To do:
Please return every line in the following data that includes the string "assms".

Data under study:
::::::
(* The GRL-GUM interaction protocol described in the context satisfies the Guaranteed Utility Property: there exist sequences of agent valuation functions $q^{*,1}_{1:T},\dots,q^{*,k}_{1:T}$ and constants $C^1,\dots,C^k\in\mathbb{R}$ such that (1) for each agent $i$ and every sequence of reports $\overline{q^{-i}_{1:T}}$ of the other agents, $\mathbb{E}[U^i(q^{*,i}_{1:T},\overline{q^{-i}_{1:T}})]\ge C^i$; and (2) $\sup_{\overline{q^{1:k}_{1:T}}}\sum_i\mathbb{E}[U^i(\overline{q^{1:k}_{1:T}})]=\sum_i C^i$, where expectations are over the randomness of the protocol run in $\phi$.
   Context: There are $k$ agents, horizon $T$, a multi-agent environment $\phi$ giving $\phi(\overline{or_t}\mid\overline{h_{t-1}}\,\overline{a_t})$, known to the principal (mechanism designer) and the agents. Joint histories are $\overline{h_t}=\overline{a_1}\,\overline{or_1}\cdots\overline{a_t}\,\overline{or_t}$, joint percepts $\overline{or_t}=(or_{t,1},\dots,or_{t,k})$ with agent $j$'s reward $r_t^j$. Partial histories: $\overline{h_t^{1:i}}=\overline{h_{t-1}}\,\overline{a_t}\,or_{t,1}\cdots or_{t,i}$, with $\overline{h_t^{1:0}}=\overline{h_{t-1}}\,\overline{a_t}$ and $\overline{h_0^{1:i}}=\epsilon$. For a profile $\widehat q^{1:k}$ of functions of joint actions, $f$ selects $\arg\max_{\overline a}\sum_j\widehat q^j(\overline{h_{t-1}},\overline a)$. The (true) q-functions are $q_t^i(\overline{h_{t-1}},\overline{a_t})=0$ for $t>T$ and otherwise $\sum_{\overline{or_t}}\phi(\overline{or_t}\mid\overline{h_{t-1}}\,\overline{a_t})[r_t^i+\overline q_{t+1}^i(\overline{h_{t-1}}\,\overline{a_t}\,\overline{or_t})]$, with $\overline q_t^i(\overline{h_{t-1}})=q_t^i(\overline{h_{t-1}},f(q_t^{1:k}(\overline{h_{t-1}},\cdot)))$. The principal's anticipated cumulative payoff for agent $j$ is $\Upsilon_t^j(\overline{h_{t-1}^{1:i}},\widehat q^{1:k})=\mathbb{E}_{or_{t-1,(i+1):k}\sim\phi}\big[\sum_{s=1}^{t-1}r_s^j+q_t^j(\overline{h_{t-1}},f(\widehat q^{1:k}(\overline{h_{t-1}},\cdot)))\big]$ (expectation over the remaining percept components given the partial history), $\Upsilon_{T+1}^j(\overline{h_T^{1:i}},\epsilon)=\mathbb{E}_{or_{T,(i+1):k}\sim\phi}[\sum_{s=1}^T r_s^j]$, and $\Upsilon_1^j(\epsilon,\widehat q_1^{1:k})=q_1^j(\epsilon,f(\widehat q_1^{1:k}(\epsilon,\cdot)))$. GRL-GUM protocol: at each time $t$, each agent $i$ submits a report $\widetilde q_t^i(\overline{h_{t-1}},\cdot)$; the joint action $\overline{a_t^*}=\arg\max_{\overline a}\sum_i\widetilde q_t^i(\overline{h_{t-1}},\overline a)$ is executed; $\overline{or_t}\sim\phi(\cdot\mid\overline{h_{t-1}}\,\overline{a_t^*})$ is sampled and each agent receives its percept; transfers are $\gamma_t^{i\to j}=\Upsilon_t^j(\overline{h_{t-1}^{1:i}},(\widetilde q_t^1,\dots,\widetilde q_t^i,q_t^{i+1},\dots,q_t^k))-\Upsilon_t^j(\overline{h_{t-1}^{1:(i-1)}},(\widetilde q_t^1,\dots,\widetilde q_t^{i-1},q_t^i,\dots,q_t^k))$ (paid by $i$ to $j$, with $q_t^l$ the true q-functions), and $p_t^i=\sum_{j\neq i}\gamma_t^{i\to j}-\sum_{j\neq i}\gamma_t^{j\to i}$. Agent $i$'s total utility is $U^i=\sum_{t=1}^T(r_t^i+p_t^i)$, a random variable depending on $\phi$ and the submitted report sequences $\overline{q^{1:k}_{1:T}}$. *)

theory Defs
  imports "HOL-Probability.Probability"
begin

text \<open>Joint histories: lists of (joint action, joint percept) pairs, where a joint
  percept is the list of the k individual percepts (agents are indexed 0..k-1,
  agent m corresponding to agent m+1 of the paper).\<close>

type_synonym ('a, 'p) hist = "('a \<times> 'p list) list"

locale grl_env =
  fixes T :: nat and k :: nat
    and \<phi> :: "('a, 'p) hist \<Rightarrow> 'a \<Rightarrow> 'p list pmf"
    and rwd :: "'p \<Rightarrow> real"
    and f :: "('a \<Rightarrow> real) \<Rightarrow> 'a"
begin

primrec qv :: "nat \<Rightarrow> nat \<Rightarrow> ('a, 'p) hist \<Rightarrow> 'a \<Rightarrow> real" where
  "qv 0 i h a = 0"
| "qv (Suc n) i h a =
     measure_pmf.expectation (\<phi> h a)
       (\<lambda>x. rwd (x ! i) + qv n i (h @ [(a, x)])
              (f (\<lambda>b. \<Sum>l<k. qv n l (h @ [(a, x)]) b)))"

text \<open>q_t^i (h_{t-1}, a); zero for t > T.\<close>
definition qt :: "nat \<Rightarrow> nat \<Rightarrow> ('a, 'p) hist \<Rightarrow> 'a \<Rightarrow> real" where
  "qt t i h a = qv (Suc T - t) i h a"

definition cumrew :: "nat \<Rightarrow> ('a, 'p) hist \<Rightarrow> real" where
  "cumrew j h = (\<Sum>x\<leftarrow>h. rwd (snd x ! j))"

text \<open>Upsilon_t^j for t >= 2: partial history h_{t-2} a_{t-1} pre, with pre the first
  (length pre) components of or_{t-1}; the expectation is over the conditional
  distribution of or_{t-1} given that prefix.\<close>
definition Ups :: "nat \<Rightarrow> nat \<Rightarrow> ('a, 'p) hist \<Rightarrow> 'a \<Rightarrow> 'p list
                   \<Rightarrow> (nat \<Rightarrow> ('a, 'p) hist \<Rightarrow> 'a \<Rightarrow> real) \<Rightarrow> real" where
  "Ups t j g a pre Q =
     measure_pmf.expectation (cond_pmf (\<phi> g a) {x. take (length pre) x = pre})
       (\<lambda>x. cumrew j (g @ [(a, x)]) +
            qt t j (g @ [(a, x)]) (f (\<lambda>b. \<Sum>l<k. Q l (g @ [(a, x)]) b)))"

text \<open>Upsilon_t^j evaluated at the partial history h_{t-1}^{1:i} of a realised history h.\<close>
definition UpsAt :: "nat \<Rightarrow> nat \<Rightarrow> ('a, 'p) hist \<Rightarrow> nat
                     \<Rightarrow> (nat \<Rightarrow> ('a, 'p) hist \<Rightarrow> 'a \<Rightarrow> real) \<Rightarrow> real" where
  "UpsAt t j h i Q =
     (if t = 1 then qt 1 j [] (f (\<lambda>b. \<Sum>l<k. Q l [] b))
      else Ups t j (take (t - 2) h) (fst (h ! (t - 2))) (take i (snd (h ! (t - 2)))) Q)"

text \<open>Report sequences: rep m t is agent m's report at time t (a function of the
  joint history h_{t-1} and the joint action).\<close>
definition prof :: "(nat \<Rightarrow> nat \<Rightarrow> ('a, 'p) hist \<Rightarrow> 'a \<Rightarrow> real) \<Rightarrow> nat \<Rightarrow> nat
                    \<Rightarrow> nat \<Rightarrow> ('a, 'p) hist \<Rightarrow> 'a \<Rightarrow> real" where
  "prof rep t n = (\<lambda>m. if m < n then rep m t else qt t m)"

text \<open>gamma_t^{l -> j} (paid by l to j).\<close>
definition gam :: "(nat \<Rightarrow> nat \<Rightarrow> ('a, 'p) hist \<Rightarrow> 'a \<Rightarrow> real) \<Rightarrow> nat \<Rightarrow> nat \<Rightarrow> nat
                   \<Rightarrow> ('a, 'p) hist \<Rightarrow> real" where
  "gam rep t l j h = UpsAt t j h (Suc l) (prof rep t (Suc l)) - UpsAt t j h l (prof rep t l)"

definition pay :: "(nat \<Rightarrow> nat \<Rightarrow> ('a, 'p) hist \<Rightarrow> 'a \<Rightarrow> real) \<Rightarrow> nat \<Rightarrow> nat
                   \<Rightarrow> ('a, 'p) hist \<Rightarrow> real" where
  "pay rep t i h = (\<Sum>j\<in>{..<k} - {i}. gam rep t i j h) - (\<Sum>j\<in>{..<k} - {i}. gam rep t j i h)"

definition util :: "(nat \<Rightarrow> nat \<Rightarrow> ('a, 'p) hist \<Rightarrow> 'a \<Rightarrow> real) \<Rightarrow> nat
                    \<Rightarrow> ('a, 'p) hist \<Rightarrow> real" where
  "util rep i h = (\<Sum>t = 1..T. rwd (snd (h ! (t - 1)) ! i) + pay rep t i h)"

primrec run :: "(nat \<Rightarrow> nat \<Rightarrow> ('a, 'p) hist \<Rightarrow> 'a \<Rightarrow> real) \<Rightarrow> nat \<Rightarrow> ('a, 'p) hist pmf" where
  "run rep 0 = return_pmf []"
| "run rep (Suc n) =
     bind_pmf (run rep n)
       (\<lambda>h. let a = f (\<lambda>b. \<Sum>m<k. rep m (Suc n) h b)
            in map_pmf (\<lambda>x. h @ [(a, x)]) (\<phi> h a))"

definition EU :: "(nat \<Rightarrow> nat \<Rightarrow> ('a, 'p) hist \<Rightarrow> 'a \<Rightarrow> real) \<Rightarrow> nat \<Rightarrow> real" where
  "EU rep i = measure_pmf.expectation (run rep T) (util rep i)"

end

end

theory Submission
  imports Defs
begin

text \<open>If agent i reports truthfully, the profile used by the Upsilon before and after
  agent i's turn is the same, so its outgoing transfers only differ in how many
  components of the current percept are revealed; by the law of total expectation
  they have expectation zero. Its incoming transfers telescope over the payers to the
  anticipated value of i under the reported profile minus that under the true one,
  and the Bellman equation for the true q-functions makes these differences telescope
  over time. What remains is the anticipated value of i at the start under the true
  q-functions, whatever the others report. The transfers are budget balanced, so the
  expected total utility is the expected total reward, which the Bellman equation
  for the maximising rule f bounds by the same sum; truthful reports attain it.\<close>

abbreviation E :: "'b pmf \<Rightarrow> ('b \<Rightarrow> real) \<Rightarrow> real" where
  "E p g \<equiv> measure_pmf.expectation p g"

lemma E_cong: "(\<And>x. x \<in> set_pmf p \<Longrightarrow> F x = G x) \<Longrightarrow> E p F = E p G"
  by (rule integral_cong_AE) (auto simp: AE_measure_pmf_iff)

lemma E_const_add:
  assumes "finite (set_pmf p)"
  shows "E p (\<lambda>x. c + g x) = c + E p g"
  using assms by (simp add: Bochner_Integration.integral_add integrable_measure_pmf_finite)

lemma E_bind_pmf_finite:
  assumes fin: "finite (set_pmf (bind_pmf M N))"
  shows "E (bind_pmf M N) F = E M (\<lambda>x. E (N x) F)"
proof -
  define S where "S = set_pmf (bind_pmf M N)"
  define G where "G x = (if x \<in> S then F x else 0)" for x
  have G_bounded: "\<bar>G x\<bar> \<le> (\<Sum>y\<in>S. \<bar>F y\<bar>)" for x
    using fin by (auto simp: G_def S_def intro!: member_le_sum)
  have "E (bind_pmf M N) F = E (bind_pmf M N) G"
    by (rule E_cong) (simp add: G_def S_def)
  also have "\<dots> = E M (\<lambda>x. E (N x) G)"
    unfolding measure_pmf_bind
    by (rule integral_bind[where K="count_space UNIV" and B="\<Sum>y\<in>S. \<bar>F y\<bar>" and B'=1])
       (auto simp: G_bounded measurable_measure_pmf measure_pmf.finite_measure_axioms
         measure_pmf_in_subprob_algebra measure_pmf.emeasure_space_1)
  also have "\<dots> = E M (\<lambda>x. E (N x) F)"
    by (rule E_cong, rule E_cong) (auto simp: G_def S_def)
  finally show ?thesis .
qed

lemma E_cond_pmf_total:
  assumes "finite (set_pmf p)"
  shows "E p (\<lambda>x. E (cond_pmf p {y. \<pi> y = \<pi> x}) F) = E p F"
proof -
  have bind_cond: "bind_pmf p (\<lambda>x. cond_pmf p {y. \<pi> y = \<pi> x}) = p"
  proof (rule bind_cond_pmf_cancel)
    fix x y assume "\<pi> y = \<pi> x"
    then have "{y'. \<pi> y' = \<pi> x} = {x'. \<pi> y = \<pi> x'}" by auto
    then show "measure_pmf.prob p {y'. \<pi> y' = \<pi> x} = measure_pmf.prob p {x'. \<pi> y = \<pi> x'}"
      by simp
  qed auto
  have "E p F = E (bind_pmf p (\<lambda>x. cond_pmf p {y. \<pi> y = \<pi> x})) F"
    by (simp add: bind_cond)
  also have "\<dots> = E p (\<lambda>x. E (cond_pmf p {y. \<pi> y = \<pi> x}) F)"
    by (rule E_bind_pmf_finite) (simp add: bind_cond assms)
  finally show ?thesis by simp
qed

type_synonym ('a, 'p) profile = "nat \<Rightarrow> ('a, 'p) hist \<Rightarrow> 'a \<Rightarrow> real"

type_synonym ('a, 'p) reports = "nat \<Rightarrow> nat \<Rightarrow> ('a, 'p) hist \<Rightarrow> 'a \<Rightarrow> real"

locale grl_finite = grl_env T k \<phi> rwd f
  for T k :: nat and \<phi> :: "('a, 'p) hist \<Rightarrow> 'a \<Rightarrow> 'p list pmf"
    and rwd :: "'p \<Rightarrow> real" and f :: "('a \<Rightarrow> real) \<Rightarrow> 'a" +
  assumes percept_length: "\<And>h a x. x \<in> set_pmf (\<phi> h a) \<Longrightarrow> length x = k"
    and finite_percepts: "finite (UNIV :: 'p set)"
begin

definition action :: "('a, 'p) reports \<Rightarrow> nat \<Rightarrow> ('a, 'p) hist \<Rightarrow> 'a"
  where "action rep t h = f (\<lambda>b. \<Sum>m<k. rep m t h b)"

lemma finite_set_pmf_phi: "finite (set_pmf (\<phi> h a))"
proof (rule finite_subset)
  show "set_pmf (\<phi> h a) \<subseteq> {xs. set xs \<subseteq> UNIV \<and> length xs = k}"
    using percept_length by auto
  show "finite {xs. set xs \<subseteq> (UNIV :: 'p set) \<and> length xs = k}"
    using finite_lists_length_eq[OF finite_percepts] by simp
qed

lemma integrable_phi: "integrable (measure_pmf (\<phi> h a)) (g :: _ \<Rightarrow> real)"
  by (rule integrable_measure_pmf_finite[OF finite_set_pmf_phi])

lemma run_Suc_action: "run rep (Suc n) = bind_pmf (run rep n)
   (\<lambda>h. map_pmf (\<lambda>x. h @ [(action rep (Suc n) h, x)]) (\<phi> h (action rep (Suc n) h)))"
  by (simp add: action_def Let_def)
::::::
Written response:
  using assms by (simp add: Bochner_Integration.integral_add integrable_measure_pmf_finite)
    by (rule E_bind_pmf_finite) (simp add: bind_cond assms)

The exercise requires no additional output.